▸ EXERCISE INSTRUCTIONS
Copy out the entries below exactly as they stand, but only from the line containing "ds + 1 \<le> B" through the line containing "using False by (cases ds) auto".

(Saved entries)

===

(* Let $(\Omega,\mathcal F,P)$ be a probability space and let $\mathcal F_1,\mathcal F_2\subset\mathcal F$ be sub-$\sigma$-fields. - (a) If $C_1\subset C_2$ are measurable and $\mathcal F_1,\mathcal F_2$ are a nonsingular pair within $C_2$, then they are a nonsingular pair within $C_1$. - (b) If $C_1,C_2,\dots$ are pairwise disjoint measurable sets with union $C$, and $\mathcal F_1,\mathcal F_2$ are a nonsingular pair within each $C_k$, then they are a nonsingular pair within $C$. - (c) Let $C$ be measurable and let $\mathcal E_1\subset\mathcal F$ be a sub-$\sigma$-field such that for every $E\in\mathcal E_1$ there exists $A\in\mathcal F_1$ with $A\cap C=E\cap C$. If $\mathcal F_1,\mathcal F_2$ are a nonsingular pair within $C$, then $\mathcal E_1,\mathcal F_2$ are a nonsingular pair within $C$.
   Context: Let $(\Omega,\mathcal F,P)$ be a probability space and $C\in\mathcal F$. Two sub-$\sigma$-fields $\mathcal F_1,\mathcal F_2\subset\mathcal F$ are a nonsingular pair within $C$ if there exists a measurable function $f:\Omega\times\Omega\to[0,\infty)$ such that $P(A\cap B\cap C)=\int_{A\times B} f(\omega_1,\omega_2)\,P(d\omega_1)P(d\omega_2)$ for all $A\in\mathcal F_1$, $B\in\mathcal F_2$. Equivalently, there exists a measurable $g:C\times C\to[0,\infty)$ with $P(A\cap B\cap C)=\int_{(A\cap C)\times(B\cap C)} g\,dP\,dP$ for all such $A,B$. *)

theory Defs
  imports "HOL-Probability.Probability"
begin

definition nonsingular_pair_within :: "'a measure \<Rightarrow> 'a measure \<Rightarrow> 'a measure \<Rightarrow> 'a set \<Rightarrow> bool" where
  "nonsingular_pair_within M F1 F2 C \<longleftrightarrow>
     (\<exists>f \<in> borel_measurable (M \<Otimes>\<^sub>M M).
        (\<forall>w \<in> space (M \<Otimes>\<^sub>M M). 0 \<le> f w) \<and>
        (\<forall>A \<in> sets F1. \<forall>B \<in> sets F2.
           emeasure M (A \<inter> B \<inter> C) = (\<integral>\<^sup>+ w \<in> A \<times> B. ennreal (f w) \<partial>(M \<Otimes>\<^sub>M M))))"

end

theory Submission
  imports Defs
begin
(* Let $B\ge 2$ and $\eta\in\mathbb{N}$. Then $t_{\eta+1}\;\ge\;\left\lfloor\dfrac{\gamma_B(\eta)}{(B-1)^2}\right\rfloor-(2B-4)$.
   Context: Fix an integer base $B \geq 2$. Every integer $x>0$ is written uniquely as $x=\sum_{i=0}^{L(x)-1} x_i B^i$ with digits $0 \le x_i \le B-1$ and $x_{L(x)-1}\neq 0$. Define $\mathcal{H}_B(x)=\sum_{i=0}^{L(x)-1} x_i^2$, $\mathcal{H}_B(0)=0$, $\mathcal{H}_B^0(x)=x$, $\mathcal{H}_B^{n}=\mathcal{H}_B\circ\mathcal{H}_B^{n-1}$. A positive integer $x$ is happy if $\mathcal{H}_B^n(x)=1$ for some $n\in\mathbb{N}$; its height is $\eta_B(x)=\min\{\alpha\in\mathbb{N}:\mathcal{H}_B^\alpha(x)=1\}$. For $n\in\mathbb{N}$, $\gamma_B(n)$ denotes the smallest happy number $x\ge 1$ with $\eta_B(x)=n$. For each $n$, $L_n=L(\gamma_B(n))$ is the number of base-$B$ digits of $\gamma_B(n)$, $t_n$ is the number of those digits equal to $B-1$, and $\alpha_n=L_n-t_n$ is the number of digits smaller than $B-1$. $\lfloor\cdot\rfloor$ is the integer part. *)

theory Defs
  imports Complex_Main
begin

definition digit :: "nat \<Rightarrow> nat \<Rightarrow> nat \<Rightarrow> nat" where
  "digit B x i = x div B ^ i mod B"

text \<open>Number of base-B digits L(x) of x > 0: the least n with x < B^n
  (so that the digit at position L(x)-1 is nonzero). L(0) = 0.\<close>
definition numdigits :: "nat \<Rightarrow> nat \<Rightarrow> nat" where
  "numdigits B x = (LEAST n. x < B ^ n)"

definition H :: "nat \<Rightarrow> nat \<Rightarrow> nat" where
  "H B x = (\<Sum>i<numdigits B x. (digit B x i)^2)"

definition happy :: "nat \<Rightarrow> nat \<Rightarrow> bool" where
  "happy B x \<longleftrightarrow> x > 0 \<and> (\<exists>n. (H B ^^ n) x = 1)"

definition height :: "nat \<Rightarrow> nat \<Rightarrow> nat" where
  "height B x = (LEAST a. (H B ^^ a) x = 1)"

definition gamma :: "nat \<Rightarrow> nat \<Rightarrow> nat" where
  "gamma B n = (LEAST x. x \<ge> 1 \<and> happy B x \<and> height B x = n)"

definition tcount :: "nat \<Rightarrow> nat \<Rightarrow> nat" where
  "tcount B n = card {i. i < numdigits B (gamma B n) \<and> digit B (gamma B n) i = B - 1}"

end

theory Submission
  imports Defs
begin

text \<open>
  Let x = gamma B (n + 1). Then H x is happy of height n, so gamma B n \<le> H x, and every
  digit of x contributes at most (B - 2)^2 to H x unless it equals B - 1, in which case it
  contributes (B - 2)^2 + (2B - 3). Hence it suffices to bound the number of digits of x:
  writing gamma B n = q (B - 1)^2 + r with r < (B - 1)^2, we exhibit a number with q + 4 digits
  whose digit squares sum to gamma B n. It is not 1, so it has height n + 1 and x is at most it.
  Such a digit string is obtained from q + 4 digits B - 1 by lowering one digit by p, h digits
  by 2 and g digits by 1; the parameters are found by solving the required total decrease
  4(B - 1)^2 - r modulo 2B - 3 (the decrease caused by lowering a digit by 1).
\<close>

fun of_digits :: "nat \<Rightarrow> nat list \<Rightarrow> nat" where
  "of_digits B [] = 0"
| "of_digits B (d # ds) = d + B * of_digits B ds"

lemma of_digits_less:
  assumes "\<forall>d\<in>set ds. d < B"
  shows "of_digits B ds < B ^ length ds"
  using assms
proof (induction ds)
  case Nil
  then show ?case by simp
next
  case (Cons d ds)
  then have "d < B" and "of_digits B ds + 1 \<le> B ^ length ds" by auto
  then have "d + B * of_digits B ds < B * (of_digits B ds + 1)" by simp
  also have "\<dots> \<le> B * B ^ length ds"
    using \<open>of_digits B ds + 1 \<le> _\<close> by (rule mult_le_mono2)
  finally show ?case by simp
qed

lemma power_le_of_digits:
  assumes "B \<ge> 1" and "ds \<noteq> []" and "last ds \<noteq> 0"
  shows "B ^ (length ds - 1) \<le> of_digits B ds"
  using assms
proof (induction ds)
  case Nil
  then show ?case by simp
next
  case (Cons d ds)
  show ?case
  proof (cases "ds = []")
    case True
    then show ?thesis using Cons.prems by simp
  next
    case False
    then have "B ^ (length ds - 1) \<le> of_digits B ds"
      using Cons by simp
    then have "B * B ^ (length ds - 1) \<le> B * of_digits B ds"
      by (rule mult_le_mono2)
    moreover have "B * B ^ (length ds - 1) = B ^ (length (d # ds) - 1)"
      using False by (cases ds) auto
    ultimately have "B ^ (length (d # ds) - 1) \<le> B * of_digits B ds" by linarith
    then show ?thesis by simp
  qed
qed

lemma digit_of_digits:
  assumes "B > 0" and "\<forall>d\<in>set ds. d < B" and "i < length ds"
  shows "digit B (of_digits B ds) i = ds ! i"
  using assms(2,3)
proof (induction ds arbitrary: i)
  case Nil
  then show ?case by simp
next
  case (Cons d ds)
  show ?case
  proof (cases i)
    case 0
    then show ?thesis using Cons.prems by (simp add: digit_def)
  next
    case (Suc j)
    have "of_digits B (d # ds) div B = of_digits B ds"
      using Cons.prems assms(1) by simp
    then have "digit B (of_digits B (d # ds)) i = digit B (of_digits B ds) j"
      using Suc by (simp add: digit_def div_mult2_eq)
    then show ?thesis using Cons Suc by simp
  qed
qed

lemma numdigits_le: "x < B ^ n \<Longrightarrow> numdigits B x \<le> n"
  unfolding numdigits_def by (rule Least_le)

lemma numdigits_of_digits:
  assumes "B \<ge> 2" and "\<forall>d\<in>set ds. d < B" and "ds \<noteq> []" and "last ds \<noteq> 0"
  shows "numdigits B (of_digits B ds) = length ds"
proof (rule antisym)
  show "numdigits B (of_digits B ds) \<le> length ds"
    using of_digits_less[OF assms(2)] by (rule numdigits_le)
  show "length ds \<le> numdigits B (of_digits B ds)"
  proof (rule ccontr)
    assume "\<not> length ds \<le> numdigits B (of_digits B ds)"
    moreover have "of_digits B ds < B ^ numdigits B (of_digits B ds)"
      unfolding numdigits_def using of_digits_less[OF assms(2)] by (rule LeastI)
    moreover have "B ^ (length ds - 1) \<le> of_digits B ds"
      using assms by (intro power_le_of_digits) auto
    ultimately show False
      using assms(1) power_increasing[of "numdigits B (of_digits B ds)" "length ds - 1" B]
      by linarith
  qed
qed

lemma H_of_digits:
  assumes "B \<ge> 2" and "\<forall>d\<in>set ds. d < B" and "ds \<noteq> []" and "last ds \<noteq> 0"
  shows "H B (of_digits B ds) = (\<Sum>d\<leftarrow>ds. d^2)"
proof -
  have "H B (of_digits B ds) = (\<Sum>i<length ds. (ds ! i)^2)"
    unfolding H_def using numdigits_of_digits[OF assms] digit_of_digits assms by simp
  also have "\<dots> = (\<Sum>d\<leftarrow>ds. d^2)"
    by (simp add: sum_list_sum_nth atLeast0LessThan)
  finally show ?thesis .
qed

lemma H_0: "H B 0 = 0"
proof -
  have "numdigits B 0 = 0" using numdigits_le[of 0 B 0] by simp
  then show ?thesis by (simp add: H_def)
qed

===

▸ TASK RESULT
  then have "d < B" and "of_digits B ds + 1 \<le> B ^ length ds" by auto
  then have "d + B * of_digits B ds < B * (of_digits B ds + 1)" by simp
  also have "\<dots> \<le> B * B ^ length ds"
    using \<open>of_digits B ds + 1 \<le> _\<close> by (rule mult_le_mono2)
  finally show ?case by simp
qed

lemma power_le_of_digits:
  assumes "B \<ge> 1" and "ds \<noteq> []" and "last ds \<noteq> 0"
  shows "B ^ (length ds - 1) \<le> of_digits B ds"
  using assms
proof (induction ds)
  case Nil
  then show ?case by simp
next
  case (Cons d ds)
  show ?case
  proof (cases "ds = []")
    case True
    then show ?thesis using Cons.prems by simp
  next
    case False
    then have "B ^ (length ds - 1) \<le> of_digits B ds"
      using Cons by simp
    then have "B * B ^ (length ds - 1) \<le> B * of_digits B ds"
      by (rule mult_le_mono2)
    moreover have "B * B ^ (length ds - 1) = B ^ (length (d # ds) - 1)"
      using False by (cases ds) auto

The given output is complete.